What the exercise asks ▸ Where in the data does the word "obtains" appear? Find those lines and copy them.

______________________________

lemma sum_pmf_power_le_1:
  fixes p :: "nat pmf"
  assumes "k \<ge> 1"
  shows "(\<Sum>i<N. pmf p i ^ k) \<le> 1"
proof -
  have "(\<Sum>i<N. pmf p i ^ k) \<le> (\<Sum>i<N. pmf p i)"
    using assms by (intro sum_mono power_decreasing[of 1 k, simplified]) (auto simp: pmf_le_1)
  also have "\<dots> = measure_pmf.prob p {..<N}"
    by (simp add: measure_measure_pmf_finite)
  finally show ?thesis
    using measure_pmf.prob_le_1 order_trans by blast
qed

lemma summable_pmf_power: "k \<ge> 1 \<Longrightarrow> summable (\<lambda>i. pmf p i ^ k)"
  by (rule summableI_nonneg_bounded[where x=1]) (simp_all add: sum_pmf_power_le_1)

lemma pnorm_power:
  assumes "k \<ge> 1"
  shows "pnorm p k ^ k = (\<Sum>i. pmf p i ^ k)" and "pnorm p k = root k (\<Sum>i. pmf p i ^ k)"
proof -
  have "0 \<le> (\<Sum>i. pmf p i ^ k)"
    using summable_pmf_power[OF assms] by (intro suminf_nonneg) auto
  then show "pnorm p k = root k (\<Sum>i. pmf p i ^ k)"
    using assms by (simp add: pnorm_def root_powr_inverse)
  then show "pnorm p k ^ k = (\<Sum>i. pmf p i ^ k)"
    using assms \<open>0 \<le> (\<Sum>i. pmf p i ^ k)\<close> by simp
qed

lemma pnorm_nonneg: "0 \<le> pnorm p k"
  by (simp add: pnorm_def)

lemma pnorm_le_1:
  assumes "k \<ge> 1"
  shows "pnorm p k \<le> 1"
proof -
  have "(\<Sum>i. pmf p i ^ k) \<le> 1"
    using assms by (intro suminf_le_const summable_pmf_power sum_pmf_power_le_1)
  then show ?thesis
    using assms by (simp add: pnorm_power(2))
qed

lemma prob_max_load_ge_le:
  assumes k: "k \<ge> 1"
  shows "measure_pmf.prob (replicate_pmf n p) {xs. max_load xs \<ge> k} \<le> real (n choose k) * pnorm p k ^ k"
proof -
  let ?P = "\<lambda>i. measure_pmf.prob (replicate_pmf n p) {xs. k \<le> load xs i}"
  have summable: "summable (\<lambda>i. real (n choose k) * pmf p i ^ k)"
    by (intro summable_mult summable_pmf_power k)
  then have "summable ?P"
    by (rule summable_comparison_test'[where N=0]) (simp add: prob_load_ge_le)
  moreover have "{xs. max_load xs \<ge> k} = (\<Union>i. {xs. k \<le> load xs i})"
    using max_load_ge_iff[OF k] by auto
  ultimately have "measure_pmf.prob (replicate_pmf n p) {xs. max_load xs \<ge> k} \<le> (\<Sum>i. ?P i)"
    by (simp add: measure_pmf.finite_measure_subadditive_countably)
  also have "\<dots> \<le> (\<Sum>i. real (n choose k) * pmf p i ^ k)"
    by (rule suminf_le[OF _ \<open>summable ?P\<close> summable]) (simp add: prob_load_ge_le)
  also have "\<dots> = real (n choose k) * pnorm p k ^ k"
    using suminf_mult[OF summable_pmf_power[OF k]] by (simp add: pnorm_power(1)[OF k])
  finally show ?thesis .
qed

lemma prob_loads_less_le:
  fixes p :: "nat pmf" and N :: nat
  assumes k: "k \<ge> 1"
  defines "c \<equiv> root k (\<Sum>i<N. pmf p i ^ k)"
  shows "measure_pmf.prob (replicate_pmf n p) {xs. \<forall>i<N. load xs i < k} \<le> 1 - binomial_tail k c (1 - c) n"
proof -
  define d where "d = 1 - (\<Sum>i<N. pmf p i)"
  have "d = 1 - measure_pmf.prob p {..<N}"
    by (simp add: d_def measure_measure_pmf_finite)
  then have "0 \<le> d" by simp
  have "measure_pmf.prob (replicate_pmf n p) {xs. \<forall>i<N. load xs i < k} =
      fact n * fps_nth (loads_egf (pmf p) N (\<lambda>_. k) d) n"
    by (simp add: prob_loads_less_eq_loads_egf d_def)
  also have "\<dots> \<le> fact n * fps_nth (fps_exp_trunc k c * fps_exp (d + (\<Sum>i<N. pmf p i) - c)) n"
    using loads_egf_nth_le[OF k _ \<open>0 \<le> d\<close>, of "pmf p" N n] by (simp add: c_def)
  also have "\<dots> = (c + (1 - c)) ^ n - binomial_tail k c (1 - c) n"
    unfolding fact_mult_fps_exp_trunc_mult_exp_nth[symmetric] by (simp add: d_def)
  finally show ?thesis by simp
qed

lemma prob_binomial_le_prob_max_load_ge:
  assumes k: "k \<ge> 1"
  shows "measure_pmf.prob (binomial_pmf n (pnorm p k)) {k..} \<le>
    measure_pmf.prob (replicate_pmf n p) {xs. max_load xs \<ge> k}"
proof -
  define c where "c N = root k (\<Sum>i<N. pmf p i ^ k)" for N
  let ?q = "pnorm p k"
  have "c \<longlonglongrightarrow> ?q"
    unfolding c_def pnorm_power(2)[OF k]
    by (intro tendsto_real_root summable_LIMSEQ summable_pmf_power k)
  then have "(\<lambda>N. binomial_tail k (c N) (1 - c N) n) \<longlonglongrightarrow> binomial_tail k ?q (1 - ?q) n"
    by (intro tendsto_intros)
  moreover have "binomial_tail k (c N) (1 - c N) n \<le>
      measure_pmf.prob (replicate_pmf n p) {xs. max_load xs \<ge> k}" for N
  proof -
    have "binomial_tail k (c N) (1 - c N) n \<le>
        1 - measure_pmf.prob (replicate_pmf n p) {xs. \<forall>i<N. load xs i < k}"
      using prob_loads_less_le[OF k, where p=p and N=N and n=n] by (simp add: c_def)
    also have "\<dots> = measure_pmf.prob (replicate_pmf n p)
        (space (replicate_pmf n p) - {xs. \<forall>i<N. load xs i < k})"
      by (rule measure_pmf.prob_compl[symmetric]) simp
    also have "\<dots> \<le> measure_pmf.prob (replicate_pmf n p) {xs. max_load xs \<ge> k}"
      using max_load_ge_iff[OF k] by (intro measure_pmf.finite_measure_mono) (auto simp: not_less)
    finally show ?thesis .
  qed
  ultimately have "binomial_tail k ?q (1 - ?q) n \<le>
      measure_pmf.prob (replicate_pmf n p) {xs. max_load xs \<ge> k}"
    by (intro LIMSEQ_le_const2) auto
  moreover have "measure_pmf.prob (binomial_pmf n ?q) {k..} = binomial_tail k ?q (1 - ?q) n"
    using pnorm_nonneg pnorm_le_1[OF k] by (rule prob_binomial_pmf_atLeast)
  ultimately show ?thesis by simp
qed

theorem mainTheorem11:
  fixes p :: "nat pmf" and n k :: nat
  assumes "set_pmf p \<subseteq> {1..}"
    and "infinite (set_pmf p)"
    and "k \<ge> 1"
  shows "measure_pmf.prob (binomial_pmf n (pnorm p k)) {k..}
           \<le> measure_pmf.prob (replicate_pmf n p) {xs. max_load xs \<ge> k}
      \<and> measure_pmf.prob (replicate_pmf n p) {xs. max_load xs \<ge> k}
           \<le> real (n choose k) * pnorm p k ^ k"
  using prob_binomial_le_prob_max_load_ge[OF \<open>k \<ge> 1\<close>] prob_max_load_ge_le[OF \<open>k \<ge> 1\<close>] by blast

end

______________________________

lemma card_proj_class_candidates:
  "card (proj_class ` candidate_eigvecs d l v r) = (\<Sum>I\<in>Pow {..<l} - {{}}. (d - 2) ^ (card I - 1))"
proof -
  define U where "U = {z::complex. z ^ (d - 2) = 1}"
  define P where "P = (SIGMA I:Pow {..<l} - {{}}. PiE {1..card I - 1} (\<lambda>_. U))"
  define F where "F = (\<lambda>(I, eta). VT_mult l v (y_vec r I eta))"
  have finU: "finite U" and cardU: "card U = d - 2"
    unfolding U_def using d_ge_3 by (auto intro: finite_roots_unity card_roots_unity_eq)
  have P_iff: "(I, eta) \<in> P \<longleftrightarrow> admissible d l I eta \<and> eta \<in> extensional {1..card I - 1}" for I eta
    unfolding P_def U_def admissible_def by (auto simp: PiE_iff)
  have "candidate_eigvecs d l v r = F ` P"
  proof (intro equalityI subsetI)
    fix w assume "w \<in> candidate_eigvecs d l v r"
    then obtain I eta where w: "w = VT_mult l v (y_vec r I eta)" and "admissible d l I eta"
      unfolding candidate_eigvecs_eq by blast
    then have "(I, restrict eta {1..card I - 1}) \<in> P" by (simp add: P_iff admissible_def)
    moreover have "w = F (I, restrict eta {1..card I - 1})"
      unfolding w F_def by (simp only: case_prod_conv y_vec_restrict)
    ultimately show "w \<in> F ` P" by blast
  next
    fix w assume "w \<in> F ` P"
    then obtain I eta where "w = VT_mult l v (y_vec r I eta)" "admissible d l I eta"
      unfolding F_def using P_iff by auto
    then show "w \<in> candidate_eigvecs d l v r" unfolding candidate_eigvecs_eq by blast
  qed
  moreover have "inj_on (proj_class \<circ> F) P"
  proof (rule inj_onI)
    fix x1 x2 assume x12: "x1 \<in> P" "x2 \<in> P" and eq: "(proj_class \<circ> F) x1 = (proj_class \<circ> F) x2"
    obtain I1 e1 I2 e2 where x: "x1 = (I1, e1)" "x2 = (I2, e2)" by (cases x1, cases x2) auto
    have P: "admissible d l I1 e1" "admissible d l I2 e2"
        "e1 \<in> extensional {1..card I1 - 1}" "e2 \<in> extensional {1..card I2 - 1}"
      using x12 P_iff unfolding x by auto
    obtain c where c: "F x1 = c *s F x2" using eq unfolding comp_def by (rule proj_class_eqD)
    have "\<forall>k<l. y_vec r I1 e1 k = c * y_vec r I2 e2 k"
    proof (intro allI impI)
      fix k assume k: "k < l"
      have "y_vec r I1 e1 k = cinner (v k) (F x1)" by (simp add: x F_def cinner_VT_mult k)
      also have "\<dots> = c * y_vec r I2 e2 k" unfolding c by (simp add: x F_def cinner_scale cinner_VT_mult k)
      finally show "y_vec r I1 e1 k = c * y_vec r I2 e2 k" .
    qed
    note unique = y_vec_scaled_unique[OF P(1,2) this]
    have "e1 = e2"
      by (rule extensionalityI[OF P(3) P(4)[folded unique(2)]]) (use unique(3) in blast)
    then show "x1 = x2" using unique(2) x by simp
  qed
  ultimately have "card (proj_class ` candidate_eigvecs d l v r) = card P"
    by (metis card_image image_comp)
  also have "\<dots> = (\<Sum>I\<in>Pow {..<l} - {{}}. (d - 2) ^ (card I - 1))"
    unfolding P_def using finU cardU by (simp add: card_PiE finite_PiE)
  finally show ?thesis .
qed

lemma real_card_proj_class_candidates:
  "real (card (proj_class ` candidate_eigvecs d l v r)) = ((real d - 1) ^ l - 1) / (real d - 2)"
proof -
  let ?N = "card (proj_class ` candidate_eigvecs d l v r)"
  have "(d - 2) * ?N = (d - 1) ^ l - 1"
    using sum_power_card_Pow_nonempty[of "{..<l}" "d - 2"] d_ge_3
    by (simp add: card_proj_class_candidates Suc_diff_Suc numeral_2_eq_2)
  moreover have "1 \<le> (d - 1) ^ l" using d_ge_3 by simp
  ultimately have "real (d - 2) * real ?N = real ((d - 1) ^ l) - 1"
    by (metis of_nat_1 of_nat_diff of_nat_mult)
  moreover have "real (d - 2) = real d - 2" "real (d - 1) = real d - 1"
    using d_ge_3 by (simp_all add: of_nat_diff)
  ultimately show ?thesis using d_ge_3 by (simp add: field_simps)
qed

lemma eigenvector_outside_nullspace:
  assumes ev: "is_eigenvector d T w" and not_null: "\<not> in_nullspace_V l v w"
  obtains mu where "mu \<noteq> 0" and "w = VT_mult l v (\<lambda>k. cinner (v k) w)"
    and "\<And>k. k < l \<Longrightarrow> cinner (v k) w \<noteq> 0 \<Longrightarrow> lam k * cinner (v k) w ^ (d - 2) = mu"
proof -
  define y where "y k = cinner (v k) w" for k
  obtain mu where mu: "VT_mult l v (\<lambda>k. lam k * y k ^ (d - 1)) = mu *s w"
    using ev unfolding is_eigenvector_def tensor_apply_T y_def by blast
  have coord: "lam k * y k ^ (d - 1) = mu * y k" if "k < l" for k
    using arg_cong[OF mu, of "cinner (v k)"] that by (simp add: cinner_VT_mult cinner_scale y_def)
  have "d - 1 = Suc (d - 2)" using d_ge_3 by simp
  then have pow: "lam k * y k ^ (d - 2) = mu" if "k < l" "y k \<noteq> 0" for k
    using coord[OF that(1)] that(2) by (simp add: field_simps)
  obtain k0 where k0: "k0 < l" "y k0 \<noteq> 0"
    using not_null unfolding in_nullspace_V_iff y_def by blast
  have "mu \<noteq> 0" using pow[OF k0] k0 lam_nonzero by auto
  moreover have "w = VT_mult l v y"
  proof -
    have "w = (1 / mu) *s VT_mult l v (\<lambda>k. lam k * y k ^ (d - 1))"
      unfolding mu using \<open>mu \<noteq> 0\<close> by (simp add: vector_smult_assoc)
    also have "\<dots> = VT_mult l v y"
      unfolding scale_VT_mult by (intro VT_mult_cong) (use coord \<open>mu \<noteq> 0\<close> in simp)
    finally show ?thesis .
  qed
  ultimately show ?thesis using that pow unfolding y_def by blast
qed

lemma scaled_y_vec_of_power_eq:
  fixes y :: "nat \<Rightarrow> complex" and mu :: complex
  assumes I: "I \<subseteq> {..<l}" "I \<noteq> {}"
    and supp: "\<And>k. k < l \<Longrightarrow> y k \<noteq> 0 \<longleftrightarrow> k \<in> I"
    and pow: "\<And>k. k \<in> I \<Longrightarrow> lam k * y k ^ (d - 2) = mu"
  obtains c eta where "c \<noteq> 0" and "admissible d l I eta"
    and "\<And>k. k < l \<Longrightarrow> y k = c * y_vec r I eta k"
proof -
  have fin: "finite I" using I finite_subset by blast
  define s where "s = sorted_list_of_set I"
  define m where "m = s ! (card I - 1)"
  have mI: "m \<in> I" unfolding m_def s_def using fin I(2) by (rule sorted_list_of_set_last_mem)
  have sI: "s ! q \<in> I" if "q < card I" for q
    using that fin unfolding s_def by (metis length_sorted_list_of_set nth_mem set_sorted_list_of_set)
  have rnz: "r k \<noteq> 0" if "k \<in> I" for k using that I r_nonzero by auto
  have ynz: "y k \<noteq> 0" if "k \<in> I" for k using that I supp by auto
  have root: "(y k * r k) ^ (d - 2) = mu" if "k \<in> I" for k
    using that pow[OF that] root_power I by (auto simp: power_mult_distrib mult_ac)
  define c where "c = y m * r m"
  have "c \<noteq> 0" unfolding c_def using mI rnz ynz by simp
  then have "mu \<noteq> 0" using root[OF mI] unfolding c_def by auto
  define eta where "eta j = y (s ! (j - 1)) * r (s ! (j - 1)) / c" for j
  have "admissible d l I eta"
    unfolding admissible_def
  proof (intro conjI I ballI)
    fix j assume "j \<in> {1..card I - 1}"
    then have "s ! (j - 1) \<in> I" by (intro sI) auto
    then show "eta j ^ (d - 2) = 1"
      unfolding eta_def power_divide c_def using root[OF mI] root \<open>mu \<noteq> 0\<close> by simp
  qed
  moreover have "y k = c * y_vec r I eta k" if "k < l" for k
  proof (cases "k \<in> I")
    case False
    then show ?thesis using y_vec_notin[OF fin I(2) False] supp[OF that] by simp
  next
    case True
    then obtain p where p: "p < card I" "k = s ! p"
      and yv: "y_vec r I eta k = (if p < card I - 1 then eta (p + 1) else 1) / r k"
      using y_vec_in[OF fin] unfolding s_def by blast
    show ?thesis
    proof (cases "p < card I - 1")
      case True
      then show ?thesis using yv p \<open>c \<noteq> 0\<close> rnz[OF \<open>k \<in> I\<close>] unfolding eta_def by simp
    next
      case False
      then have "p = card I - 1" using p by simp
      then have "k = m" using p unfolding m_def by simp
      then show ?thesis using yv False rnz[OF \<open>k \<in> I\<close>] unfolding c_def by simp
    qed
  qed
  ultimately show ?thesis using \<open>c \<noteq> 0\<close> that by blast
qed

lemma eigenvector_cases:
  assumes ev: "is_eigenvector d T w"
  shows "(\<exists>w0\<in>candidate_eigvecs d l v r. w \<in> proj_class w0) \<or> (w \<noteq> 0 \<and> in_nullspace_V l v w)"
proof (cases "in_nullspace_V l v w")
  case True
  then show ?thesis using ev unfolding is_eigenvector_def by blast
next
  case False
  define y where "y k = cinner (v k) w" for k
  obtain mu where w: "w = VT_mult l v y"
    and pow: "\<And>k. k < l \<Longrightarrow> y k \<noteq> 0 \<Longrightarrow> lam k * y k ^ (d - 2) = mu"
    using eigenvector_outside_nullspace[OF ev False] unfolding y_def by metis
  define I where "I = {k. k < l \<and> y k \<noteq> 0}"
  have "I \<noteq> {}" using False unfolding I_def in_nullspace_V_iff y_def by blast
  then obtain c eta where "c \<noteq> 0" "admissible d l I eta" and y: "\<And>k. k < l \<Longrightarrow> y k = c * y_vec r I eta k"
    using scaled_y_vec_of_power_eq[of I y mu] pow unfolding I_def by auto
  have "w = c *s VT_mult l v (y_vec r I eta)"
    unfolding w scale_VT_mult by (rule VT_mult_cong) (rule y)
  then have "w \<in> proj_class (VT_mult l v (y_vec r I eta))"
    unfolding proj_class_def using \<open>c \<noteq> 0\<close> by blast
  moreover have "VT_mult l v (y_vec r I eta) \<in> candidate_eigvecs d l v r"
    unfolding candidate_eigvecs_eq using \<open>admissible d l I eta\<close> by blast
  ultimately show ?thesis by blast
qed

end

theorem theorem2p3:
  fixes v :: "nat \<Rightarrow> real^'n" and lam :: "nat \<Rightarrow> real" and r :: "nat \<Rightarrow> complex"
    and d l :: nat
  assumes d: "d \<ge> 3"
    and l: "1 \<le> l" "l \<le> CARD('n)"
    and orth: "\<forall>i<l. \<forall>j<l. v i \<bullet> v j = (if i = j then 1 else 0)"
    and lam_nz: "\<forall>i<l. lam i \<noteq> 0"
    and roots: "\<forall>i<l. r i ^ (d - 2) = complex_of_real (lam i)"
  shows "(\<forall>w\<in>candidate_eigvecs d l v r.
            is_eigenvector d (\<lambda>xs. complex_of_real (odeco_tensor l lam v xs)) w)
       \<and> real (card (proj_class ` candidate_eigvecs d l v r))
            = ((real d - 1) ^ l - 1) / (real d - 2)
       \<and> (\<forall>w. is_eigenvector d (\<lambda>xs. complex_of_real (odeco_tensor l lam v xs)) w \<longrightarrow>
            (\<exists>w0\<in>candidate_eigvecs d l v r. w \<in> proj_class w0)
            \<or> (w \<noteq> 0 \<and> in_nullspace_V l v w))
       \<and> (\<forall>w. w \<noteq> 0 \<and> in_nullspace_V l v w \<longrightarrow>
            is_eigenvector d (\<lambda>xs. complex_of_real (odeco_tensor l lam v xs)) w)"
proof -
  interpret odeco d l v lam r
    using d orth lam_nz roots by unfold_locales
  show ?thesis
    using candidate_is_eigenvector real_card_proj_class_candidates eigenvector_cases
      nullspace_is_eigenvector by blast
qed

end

______________________________

Exercise result ▸
  obtains mu where "mu \<noteq> 0" and "w = VT_mult l v (\<lambda>k. cinner (v k) w)"
  obtains c eta where "c \<noteq> 0" and "admissible d l I eta"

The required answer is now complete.